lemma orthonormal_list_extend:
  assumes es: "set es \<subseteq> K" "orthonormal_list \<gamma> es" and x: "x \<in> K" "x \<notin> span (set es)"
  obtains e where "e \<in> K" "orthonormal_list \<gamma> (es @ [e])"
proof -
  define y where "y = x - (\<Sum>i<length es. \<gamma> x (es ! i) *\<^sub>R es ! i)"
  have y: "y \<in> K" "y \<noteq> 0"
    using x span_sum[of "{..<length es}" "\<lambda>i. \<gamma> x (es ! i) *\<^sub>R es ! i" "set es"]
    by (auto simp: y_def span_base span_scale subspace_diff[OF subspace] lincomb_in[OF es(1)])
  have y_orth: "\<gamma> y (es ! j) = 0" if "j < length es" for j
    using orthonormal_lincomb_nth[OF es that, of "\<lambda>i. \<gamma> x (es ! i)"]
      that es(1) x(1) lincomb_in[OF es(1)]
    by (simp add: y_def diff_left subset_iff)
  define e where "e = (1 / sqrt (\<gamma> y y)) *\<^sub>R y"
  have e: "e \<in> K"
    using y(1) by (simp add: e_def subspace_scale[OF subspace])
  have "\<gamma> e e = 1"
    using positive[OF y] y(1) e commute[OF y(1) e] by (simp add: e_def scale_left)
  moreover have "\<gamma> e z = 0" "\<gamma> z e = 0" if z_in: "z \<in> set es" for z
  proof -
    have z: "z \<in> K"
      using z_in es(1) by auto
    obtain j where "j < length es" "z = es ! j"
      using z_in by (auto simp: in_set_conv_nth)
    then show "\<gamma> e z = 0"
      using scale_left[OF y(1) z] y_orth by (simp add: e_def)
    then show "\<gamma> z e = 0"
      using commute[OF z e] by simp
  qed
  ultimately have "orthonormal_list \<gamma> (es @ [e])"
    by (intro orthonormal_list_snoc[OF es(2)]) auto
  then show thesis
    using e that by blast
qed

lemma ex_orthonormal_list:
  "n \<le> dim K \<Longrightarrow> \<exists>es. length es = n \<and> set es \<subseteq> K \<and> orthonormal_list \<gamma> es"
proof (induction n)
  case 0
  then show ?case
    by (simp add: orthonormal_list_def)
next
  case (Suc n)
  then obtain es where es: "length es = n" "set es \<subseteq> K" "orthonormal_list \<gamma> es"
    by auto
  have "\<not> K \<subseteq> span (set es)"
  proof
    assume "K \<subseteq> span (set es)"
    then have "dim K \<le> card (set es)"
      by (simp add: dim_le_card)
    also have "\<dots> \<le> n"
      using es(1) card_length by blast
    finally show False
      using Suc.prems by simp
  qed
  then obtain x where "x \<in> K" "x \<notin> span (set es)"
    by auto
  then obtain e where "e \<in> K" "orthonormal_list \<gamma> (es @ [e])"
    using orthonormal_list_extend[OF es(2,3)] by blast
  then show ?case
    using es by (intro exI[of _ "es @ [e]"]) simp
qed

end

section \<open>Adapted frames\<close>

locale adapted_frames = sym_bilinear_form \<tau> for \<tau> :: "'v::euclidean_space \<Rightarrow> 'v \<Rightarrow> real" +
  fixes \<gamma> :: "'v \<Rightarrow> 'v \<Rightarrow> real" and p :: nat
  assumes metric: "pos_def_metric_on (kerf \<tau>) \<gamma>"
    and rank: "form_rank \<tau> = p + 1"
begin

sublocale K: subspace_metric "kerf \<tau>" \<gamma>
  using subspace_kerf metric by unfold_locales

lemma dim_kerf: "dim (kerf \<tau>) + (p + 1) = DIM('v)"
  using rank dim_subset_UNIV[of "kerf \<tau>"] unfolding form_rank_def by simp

○ ○ ○

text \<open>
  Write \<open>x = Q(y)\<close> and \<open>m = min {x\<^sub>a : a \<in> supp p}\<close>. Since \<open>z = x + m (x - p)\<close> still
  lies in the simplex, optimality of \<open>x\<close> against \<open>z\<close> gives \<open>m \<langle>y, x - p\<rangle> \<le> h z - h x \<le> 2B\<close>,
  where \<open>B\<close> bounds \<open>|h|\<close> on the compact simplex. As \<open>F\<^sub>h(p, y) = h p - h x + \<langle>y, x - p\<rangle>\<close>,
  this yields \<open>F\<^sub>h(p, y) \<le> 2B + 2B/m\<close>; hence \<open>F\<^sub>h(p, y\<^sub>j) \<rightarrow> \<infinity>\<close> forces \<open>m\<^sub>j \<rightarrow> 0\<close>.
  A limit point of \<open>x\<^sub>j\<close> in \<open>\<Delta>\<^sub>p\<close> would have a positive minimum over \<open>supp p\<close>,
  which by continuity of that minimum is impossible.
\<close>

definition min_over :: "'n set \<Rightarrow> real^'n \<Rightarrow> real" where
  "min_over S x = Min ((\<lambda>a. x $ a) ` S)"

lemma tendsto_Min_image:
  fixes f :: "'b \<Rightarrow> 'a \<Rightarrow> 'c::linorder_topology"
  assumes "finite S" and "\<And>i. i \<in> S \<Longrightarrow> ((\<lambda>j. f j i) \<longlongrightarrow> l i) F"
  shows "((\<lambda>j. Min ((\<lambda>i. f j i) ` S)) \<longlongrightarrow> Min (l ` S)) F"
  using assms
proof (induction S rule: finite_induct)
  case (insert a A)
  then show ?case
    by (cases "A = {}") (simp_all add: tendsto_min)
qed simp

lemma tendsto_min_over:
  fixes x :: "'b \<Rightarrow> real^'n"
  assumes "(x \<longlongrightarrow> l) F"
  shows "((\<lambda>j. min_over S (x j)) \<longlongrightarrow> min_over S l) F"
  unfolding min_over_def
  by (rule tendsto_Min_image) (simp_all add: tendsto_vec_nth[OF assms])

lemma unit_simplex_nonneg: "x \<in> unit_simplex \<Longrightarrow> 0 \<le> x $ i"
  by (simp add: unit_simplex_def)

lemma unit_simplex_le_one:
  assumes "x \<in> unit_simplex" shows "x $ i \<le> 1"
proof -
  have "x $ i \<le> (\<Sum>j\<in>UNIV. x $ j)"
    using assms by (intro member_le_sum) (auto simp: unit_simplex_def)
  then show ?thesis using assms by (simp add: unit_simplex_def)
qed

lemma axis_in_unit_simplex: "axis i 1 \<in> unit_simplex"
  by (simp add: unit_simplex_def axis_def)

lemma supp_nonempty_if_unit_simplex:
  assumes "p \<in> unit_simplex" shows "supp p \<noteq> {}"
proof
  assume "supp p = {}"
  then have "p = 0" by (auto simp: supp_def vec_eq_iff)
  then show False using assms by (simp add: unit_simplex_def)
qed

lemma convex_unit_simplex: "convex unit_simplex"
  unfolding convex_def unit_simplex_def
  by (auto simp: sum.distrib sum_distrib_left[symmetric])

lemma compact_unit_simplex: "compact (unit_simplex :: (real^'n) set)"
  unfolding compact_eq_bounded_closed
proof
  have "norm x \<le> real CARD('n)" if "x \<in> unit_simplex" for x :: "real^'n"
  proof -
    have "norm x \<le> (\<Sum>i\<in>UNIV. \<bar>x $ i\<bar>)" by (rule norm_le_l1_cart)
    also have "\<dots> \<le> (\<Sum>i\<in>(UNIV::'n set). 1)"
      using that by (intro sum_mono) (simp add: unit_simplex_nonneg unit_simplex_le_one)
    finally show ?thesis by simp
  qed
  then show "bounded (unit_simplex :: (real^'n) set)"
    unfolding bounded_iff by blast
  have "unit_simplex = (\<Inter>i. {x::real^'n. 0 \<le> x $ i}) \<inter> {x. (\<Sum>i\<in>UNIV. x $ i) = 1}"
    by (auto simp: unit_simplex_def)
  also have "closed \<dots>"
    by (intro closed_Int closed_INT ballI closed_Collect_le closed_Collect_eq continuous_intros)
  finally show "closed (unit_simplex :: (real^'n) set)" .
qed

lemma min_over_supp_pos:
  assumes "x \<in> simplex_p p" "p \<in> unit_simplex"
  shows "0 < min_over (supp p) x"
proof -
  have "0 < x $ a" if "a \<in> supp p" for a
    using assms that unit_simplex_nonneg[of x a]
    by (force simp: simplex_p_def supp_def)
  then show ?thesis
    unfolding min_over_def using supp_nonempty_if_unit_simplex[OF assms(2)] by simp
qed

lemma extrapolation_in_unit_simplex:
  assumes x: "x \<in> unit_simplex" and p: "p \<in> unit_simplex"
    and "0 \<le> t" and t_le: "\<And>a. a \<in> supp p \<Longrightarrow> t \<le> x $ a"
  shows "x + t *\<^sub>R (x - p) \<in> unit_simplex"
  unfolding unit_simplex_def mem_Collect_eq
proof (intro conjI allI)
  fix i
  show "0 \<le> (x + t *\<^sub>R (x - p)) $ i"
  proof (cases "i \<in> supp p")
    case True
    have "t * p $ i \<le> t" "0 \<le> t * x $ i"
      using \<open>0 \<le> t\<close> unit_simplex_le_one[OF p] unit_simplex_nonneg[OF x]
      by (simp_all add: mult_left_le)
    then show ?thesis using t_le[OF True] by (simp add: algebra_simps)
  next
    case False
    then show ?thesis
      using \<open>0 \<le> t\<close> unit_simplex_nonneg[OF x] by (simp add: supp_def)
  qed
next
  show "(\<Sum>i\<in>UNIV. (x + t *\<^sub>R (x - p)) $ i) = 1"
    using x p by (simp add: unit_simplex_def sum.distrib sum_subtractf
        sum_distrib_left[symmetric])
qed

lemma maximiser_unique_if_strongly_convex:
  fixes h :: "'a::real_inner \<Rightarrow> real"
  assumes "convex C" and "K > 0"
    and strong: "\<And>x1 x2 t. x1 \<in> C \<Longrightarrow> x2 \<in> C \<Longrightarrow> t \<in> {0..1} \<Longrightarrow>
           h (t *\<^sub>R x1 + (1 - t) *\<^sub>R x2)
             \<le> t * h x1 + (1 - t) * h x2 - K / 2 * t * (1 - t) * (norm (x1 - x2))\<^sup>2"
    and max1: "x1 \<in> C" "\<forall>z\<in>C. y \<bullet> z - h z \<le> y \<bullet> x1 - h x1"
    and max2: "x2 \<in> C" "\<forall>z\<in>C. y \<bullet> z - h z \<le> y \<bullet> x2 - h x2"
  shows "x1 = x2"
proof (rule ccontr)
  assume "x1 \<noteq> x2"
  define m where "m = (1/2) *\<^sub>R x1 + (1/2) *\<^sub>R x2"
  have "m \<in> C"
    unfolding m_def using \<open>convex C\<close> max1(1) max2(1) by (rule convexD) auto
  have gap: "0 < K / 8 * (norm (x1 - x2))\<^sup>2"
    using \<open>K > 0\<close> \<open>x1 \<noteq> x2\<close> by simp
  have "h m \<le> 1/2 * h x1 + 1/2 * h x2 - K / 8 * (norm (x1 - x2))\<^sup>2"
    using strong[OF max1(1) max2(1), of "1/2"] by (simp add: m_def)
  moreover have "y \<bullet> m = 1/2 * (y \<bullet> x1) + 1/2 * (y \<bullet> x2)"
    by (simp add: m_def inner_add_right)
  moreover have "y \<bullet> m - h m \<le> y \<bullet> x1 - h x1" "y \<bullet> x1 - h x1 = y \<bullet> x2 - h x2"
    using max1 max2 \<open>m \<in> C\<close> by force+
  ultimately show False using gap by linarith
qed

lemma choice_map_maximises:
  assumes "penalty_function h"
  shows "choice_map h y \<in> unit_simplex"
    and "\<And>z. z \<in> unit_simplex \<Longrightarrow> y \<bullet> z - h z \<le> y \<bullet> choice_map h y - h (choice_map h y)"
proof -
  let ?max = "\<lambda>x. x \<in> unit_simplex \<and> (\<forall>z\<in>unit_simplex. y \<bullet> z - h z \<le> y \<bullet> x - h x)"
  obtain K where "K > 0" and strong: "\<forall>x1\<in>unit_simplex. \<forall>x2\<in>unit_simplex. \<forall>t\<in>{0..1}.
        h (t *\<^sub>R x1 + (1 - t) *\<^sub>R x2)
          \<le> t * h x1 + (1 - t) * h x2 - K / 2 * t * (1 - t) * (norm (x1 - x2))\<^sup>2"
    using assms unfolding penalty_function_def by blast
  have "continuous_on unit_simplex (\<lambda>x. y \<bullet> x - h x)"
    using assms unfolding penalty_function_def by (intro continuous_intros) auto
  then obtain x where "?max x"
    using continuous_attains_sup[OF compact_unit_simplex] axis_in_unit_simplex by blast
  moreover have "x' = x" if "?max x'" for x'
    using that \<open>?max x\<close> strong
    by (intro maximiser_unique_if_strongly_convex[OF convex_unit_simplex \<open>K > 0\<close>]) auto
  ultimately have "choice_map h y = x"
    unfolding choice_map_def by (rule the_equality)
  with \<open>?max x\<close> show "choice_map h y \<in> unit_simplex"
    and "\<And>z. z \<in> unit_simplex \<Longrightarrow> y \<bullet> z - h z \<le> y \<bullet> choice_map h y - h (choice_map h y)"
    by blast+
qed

○ ○ ○

— EXERCISE OBJECTIVE —
Copy out, from the listing above, every line that contains the word "noteq".

— SOLUTION TO THIS EXERCISE —
  have y: "y \<in> K" "y \<noteq> 0"
  assumes "p \<in> unit_simplex" shows "supp p \<noteq> {}"
  assume "x1 \<noteq> x2"
    using \<open>K > 0\<close> \<open>x1 \<noteq> x2\<close> by simp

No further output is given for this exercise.